Home Sponsored Can Small Cap Funds Still Meet Your Medium-Term Goals?

Can Small Cap Funds Still Meet Your Medium-Term Goals?

For investors, the usual investment debate goes around growth potential vs. risk tolerance. One option for such investors is small cap funds. They are aggressive, volatile, but rewarding if you are investing in it for a few years, such as your medium-term goals. But the big question remains: are they a good option? Let’s break it down.

What Are Small Cap Funds?

Small cap funds put your funds into the smaller, up-and-coming names on the stock exchange, those that come after the top 250 in market rankings. These companies are often newer and focused more on rapid expansion.

Because of their size, small cap companies are more vulnerable to market movements and economic changes. But during recovery or growth cycles, they usually tend to outperform.

Why Do Small Caps Continue to Draw Investor Attention?

Over a 10-year horizon, small cap funds have often outpaced large and mid cap categories in returns. But what about a 5-year period? Let’s consider the SBI Small Cap Fund, one of the top performers in the category. As of April 2025, the fund has delivered:

  • 30.47% CAGR over 5 years.
  • Assets under management (AUM) of over ₹ 31790.25 Cr.
  • A diversified portfolio across manufacturing, chemicals, and financial services.

This is just one example. Past performances of many of these funds have been lucrative, but can the trend continue?

Well, India’s economic trajectory still supports the case for small caps. The push for manufacturing, digital transformation of SMEs, and government schemes like PLI (Production Linked Incentives) are all tailwinds.

That said, volatility has increased.
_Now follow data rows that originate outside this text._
lemma graded_reindex_reindex_inv:
  assumes "\<phi> \<in> hom U Y X" "isomorphism U \<phi>" "A1 \<in> GOb C" "A2 \<in> GOb C" "f \<in> GHom C Y A1 A2"
  shows "GRe C A1 A2 \<phi> (GRe C A1 A2 (inv_arr U \<phi>) f) = f"
proof -
  have "GRe C A1 A2 \<phi> (GRe C A1 A2 (inv_arr U \<phi>) f) = GRe C A1 A2 (Cmp U (inv_arr U \<phi>) \<phi>) f"
    using graded_reindex_comp[OF isomorphism_inv_arr(1)[OF assms(2,1)] assms(1) assms(3-5)] by simp
  also have "\<dots> = f"
    using isomorphism_inv_arr(2)[OF assms(2,1)] graded_reindex_id category_hom_obj[OF cat assms(1)] assms(3-5)
    by simp
  finally show ?thesis .
qed

end

definition square_untransfer :: "('o,'m,'z) duoidal_scheme \<Rightarrow> ('c,'o,'m,'f) gcat \<Rightarrow>
    ('o \<times> 'o \<times> 'c \<times> 'c \<times> 'c \<times> 'c \<times> 'f \<times> 'f \<times> 'f \<times> 'f) \<Rightarrow>
    ('o \<times> 'o \<times> 'c \<times> 'c \<times> 'c \<times> 'c \<times> 'f \<times> 'f \<times> 'f \<times> 'f)" where
  "square_untransfer V C = (\<lambda>(X, X', A, A', B, B', f, g, \<phi>, \<phi>').
      (X, X', A, A', B, B', GRe C A A' (inv_arr V (SRu V X)) f, GRe C B B' (inv_arr V (SRu V X)) g,
       GRe C A B (inv_arr V (SLu V X')) \<phi>, GRe C A' B' (inv_arr V (SLu V X')) \<phi>'))"
lemma block_winner_eqI:
  assumes "1 \<le> k" "s \<in> block r k" "\<And>t. t \<in> block r k \<Longrightarrow> t \<noteq> s \<Longrightarrow> rk (seat s) < rk (seat t)"
  shows "block_winner rk seat r k = seat s"
proof -
  obtain t where t: "t \<in> block r k" "block_winner rk seat r k = seat t"
    using block_winner_in_block[OF assms(1), of rk seat r] by (rule imageE) simp
  moreover have "rk (seat t) \<le> rk (seat s)"
    using block_winner_le[OF assms(1,2), of rk seat] t(2) by simp
  ultimately show ?thesis using assms(3) by fastforce
qed

lemma mem_games_iff: "g \<in> games N \<longleftrightarrow> 1 \<le> fst g \<and> fst g \<le> N \<and> 1 \<le> snd g \<and> snd g \<le> 2 ^ (N - fst g)"
  by (cases g) (simp add: games_def)

lemma tournament_value_of_bool:
  assumes "\<And>x y r. v x y r = of_bool (P {x, y} r)"
  shows "tournament_value rk v seat N = card {g \<in> games N. P (game_players rk seat g) (fst g)}"
proof -
  have "tournament_value rk v seat N =
      (\<Sum>g\<in>games N. of_bool (P (game_players rk seat g) (fst g)))"
    unfolding tournament_value_def games_def game_players_def assms
    by (subst sum.Sigma) (auto simp: case_prod_beta)
  also have "\<dots> = card {g \<in> games N. P (game_players rk seat g) (fst g)}"
    by (simp add: games_def Collect_conj_eq Int_commute)
  finally show ?thesis .
qed

lemma mem_gamesI:
  assumes "1 \<le> r" "1 \<le> k" "k * 2 ^ r \<le> 2 ^ N"
  shows "(r, k) \<in> games N"
proof -
  have "2 ^ r \<le> k * 2 ^ r" using assms(2) by simp
  then have "(2::nat) ^ r \<le> 2 ^ N" using assms(3) by (rule le_trans)
  then have "r \<le> N" by simp
  then have "k * 2 ^ r \<le> 2 ^ (N - r) * 2 ^ r" using assms(3) by (simp flip: power_add)
  then show ?thesis unfolding games_def using assms(1,2) \<open>r \<le> N\<close> by simp
qed

lemma block_subset_positions:
  assumes "(r, k) \<in> games N"
  shows "block r k \<subseteq> {1..2 ^ N}"
proof -
  have "k * 2 ^ r \<le> 2 ^ (N - r) * 2 ^ r" using assms by (simp add: games_def)
  also have "\<dots> = 2 ^ N" using assms by (simp add: games_def flip: power_add)
  finally show ?thesis unfolding block_def by auto
qed

lemma game_player_wins_half:
  assumes "p \<in> game_players rk seat (r, k)"
  obtains k' where "k' \<in> {2 * k - 1, 2 * k}" "p = block_winner rk seat (r - 1) k'"
  using assms unfolding game_players_def by auto

lemma game_players_subset_block:
  assumes "1 \<le> r" "1 \<le> k"
  shows "game_players rk seat (r, k) \<subseteq> seat ` block r k"
proof
  fix p assume "p \<in> game_players rk seat (r, k)"
  then obtain k' where k': "k' \<in> {2 * k - 1, 2 * k}" "p = block_winner rk seat (r - 1) k'"
    by (rule game_player_wins_half)
  have "1 \<le> k'" using k'(1) assms(2) by auto
  then have "p \<in> seat ` block (r - 1) k'"
    unfolding k'(2) by (rule block_winner_in_block)
  moreover have "block (r - 1) k' \<subseteq> block r k"
    using block_Suc[OF assms(2), of "r - 1"] assms(1) k'(1) by auto
  ultimately show "p \<in> seat ` block r k" by blast
qed
lemma Top_sq_integral_lower_bound:
  defines "K \<equiv> (C_F - 1) * c_f * min (x2 - xt2) (xt1 - x1)" and "\<eta> \<equiv> sqrt (1 / (xt2 - xt1))"
  assumes hH: "h \<in> Hclass a" and norm: "trunc_norm xt1 xt2 h = 1" and a: "a \<le> K * \<eta> / (2 * (K + C_F))"
  shows "c_W^2 * min w1 (1 - w2) * (K * \<eta> / (2 * C_F))^2 / 2 \<le> (LINT w:{0..1}|lborel. (Top f h w)^2)"
proof -
  define b where "b = max a 0"
  define \<phi> where "\<phi> x = h (clip01 x) + b * clip01 x" for x
  have b: "0 \<le> b" "a \<le> b" by (auto simp: b_def)
  have mono: "mono \<phi>" unfolding \<phi>_def by (rule mono_Hclass_shift[OF hH b(2,1)])
  have h: "\<forall>x\<in>{0..1}. h x = \<phi> x - b * x" by (simp add: \<phi>_def clip01_id)
  define \<alpha> \<beta> M where "\<alpha> = max (- expect (dens w1) \<phi>) 0" and "\<beta> = max (expect (dens w2) \<phi> - b) 0"
    and "M = max \<bar>\<phi> xt1\<bar> \<bar>\<phi> xt2\<bar>"
  have K: "0 < K" and \<eta>: "0 < \<eta>" and C_F: "0 < C_F"
    using constants points by (auto simp: K_def \<eta>_def)
  have level: "K * M \<le> C_F * (max (expect (dens w2) \<phi>) 0 + \<alpha>)"
    using strong_stochastic_order.level_bound_by_expectations[OF strong_stochastic_order_dens mono]
    by (simp add: K_def M_def \<alpha>_def)
  have trunc: "\<eta> \<le> M + b"
    unfolding \<eta>_def M_def using trunc_norm_one_level_bound[OF _ _ _ mono b(1) h norm] points by simp
  have "a * (K + C_F) \<le> K * \<eta> / 2"
    using a K C_F by (simp add: le_divide_eq algebra_simps)
  then have slope: "b * (K + C_F) \<le> K * \<eta> / 2"
    using K \<eta> by (cases "0 \<le> a") (simp_all add: b_def)
  have "K * \<eta> / 2 \<le> C_F * (\<alpha> + \<beta>)"
  proof -
    have "K * \<eta> \<le> K * M + K * b" using trunc K by (simp add: distrib_left[symmetric])
    moreover have "C_F * (max (expect (dens w2) \<phi>) 0 + \<alpha>) \<le> C_F * (\<beta> + b + \<alpha>)"
      using C_F b by (intro mult_left_mono) (auto simp: \<beta>_def)
    ultimately show ?thesis using level slope by (simp add: algebra_simps)
  qed
  then have "min w1 (1 - w2) * (K * \<eta> / (2 * C_F))^2 / 2 \<le> \<alpha>^2 * w1 + \<beta>^2 * (1 - w2)"
    using K \<eta> C_F instruments
    by (intro min_mult_sq_le) (auto simp: \<alpha>_def \<beta>_def divide_le_eq mult.commute)
  then have "c_W^2 * min w1 (1 - w2) * (K * \<eta> / (2 * C_F))^2 / 2 \<le> c_W^2 * (\<alpha>^2 * w1 + \<beta>^2 * (1 - w2))"
    by (simp add: mult.assoc mult_left_mono)
  also have "\<dots> \<le> (LINT w:{0..1}|lborel. (Top f h w)^2)"
    using Top_sq_integral_ge[OF mono b(1) h] hH by (simp add: Hclass_def \<alpha>_def \<beta>_def)
  finally show ?thesis .
qed

lemma tau_le:
  defines "K \<equiv> (C_F - 1) * c_f * min (x2 - xt2) (xt1 - x1)" and "\<eta> \<equiv> sqrt (1 / (xt2 - xt1))"
  assumes "a \<le> K * \<eta> / (2 * (K + C_F))"
  shows "tau xt1 xt2 f a \<le> ereal (1 / sqrt (c_W^2 * min w1 (1 - w2) * (K * \<eta> / (2 * C_F))^2 / 2))"
proof (rule tau_le_inverse)
  show "0 < sqrt (c_W^2 * min w1 (1 - w2) * (K * \<eta> / (2 * C_F))^2 / 2)"
    using constants points instruments by (simp add: K_def \<eta>_def)
  show "sqrt (c_W^2 * min w1 (1 - w2) * (K * \<eta> / (2 * C_F))^2 / 2) \<le> L2norm (Top f h)"
    if "h \<in> Hclass a" "trunc_norm xt1 xt2 h = 1" for h
    unfolding L2norm_def K_def \<eta>_def
    by (rule real_sqrt_le_mono, rule Top_sq_integral_lower_bound[OF that assms(3)[unfolded K_def \<eta>_def]])
qed

end

theorem corollary1:
  fixes c_f c_W C_F C_T w1 w2 x1 x2 xt1 xt2 :: real
  assumes "0 \<le> x1" "x1 < xt1" "xt1 < xt2" "xt2 < x2" "x2 \<le> 1"
    and "0 < w1" "w1 < w2" "w2 < 1"
    and "C_F > 1" "c_f > 0" "c_W > 0" "C_T \<ge> 0"
  shows "\<exists>c_tau C_tau. c_tau > 0 \<and> 0 < C_tau \<and>
    (\<forall>(f :: real \<Rightarrow> real \<Rightarrow> real) C_W.
      ((\<lambda>p. f (fst p) (snd p)) \<in> borel_measurable lborel
      \<and> (\<forall>x\<in>{0..1}. \<forall>w\<in>{0..1}. 0 \<le> f x w)
      \<and> set_nn_integral lborel ({0..1}\<times>{0..1}) (\<lambda>p. ennreal (f (fst p) (snd p))) = 1
      \<and> (\<forall>x w' w''. x \<in> {0<..<1} \<and> w' \<in> {0<..<1} \<and> w'' \<in> {0<..<1} \<and> w' \<le> w''
            \<longrightarrow> condCDF f x w' \<ge> condCDF f x w'')
      \<and> (\<forall>x \<in> {0<..<x2}. condCDF f x w1 \<ge> C_F * condCDF f x w2)
      \<and> (\<forall>x \<in> {x1<..<1}. C_F * (1 - condCDF f x w1) \<le> 1 - condCDF f x w2)
      \<and> set_nn_integral lborel ({0..1}\<times>{0..1}) (\<lambda>p. ennreal ((f (fst p) (snd p))^2)) \<le> ennreal C_T
      \<and> (\<forall>x \<in> {x1..x2}. \<forall>w \<in> {w1, w2}. condDens f x w \<ge> c_f)
      \<and> c_W \<le> C_W \<and> (\<forall>w \<in> {0..1}. c_W \<le> fW f w \<and> fW f w \<le> C_W))
      \<longrightarrow> (\<forall>a. a \<le> c_tau \<longrightarrow> tau xt1 xt2 f a \<le> ereal C_tau))"
proof -
  define K \<eta> where "K = (C_F - 1) * c_f * min (x2 - xt2) (xt1 - x1)" and "\<eta> = sqrt (1 / (xt2 - xt1))"
  define D where "D = c_W^2 * min w1 (1 - w2) * (K * \<eta> / (2 * C_F))^2 / 2"
  have pos: "0 < K" "0 < \<eta>" "0 < D" using assms by (simp_all add: K_def \<eta>_def D_def)
  have tau: "tau xt1 xt2 f a \<le> ereal (1 / sqrt D)"
    if "monotone_iv f c_f c_W C_F w1 w2 x1 x2 xt1 xt2" "a \<le> K * \<eta> / (2 * (K + C_F))" for f a
    using monotone_iv.tau_le[OF that(1) that(2)[unfolded K_def \<eta>_def]] by (simp add: K_def \<eta>_def D_def)
  show ?thesis
    by (rule exI[of _ "K * \<eta> / (2 * (K + C_F))"], rule exI[of _ "1 / sqrt D"])
      (use pos assms in \<open>auto intro!: tau simp: monotone_iv_def, blast\<close>)
qed

end
lemma continuous: "continuous_on UNIV u"
  using has_derivative by (intro continuous_at_imp_continuous_on ballI) (blast intro: has_derivative_continuous)

lemma borel_measurable [measurable]: "u \<in> borel_measurable borel"
  using continuous by (rule borel_measurable_continuous_onI)

lemma borel_measurable_dx [measurable]: "dx u \<in> borel_measurable borel"
  using continuous_dx by (rule borel_measurable_continuous_onI)

lemma borel_measurable_dy [measurable]: "dy u \<in> borel_measurable borel"
  using continuous_dy by (rule borel_measurable_continuous_onI)

lemma norm_diff_vertical:
  "\<alpha> \<le> \<beta> \<Longrightarrow> ennreal (norm (u (z, \<beta>) - u (z, \<alpha>))) \<le> (\<integral>\<^sup>+ t\<in>{\<alpha>..\<beta>}. ennreal (norm (dy u (z, t))) \<partial>lborel)"
  using norm_diff_le_nn_integral_directional_derivative[OF has_derivative, of "(0, 1)" \<alpha> \<beta> "(z, 0)"]
    continuous_dy by (simp add: dy_def[abs_def])

lemma norm_diff_horizontal:
  "\<alpha> \<le> \<beta> \<Longrightarrow> ennreal (norm (u (\<beta>, t) - u (\<alpha>, t))) \<le> (\<integral>\<^sup>+ \<xi>\<in>{\<alpha>..\<beta>}. ennreal (norm (dx u (\<xi>, t))) \<partial>lborel)"
  using norm_diff_le_nn_integral_directional_derivative[OF has_derivative, of "(1, 0)" \<alpha> \<beta> "(0, t)"]
    continuous_dx by (simp add: dx_def[abs_def])

definition column_variation :: "real \<Rightarrow> ennreal" where
  "column_variation z = (\<integral>\<^sup>+ t. ennreal (norm (dy u (z, t))) * indicator half_ball (z, t) \<partial>lborel)"

definition row_variation :: "real \<Rightarrow> ennreal" where
  "row_variation t = (\<integral>\<^sup>+ \<xi>. ennreal (norm (dx u (\<xi>, t))) * indicator half_ball (\<xi>, t) \<partial>lborel)"

lemma nn_integral_column_variation:
  "(\<integral>\<^sup>+ z. column_variation z \<partial>lborel) = (\<integral>\<^sup>+ p\<in>half_ball. ennreal (norm (dy u p)) \<partial>lborel)"
  unfolding column_variation_def by (rule nn_integral_lborel_fst) measurable

lemma nn_integral_row_variation:
  "(\<integral>\<^sup>+ t. row_variation t \<partial>lborel) = (\<integral>\<^sup>+ p\<in>half_ball. ennreal (norm (dx u p)) \<partial>lborel)"
  unfolding row_variation_def by (rule nn_integral_lborel_snd) measurable

lemma borel_measurable_column_variation [measurable]: "column_variation \<in> borel_measurable borel"
proof -
  have "(\<lambda>(z, t). ennreal (norm (dy u (z, t))) * indicator half_ball (z, t)) \<in> borel_measurable (lborel \<Otimes>\<^sub>M lborel)"
    unfolding lborel_prod by (simp add: case_prod_beta')
  from lborel.borel_measurable_nn_integral[OF this] show ?thesis
    unfolding column_variation_def[abs_def] by simp
qed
Global headwinds, inflationary pressures, and interest rate uncertainty mean small cap funds could swing both ways; that too very fast.

So, the real question now is: how do you align small cap funds with your medium-term financial goals?

How to Align Small Cap Funds for Mid-term Goals?

Here are a few scenarios where small cap funds might still fit into a 5-year plan:

1. You are Starting Early

If you are young and just beginning your investment journey, small caps offer growth potential you may not find elsewhere. You can afford short-term bumps while focusing on long-term gains.

2. You are Investing Through SIPs

A Systematic Investment Plan (SIP) spreads your investment over time, helping you average out volatility. If you are looking for the best SIP for 5 years, small cap funds can be a part of your portfolio. In fact, SIPs work particularly well during market downturns, letting you buy more units at lower NAVs.

3. You are Okay with Tactical Allocation

Not all your money needs to go into small caps. Even a 15-20% allocation can lift your portfolio’s returns. Combine it with either large cap and debt funds for a balanced mix.

However, unlike large-cap funds, small caps are more affected by economic and sector-specific news. Timing your entry and exit may influence your returns, especially over shorter time frames like 3–5 years. Anyways, pair them with more stable options like large cap funds or short-term debt instruments to lower your risk.

Final Thoughts

Small cap funds aren’t for conservative investors. However, they’ve shown their strength over the years. The key lies in how you use them: wisely, patiently, and with a plan.

If you are disciplined with SIPs and comfortable with temporary market swings, small caps may still meet your medium term targets and even exceed expectations. That said, always consider your long-term goals and risk appetite to ensure your asset allocation aligns with your goals.

Disclaimer: This is a paid post and should not be treated as news/advice. LiveBitcoinNews is not responsible for any loss or damage resulting from the content, products, or services referenced in this press release.